*BRIEF*
Wherever the word "rule" appears in the entries, copy the whole line.

Collected data entries:

* * *

lemma sum_words_by_letter_counts:
  fixes h :: "('a::finite \<Rightarrow> nat) \<Rightarrow> 'b::comm_semiring_1"
  shows "(\<Sum>w\<in>{..<n} \<rightarrow>\<^sub>E UNIV. h (letter_count n w)) =
    (\<Sum>s | (\<Sum>a\<in>UNIV. s a) = n. of_nat (fact n div (\<Prod>a\<in>UNIV. fact (s a))) * h s)"
proof -
  have "(\<Sum>w\<in>{..<n} \<rightarrow>\<^sub>E UNIV. h (letter_count n w)) =
      (\<Sum>s | (\<Sum>a\<in>UNIV. s a) = n.
         \<Sum>w | w \<in> {..<n} \<rightarrow>\<^sub>E UNIV \<and> letter_count n w = s. h (letter_count n w))"
    by (rule sum.group[symmetric])
      (simp_all add: finite_PiE finite_weak_compositions image_subset_iff sum_letter_count_total)
  also have "\<dots> = (\<Sum>s | (\<Sum>a\<in>UNIV. s a) = n. of_nat (fact n div (\<Prod>a\<in>UNIV. fact (s a))) * h s)"
  proof (rule sum.cong[OF refl])
    fix s :: "'a \<Rightarrow> nat"
    assume "s \<in> {s. (\<Sum>a\<in>UNIV. s a) = n}"
    then have "card {w \<in> {..<n} \<rightarrow>\<^sub>E UNIV. letter_count n w = s} = fact n div (\<Prod>a\<in>UNIV. fact (s a))"
      by (simp add: card_words_with_letter_counts)
    moreover have "(\<Sum>w | w \<in> {..<n} \<rightarrow>\<^sub>E UNIV \<and> letter_count n w = s. h (letter_count n w)) =
        (\<Sum>w | w \<in> {..<n} \<rightarrow>\<^sub>E UNIV \<and> letter_count n w = s. h s)"
      by (rule sum.cong) auto
    ultimately show "(\<Sum>w | w \<in> {..<n} \<rightarrow>\<^sub>E UNIV \<and> letter_count n w = s. h (letter_count n w)) =
        of_nat (fact n div (\<Prod>a\<in>UNIV. fact (s a))) * h s"
      by simp
  qed
  finally show ?thesis .
qed

section \<open>Latin rectangles with three rows as column arrays\<close>

(* A column is a triple of 0-based entries whose rows are numbered 1, 2, 3 as in epscomp;
   latin_rectangle instead numbers rows from 0 and entries from 1. *)
definition entry :: "nat \<times> nat \<times> nat \<Rightarrow> nat \<Rightarrow> nat" where
  "entry t j = (if j = 1 then fst t else if j = 2 then fst (snd t) else snd (snd t))"

abbreviation column_arrays :: "nat \<Rightarrow> (nat \<Rightarrow> nat \<times> nat \<times> nat) set" where
  "column_arrays n \<equiv> {..<n} \<rightarrow>\<^sub>E {..<n} \<times> {..<n} \<times> {..<n}"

* * *

*RESULT*
    by (rule sum.group[symmetric])
  proof (rule sum.cong[OF refl])
      by (rule sum.cong) auto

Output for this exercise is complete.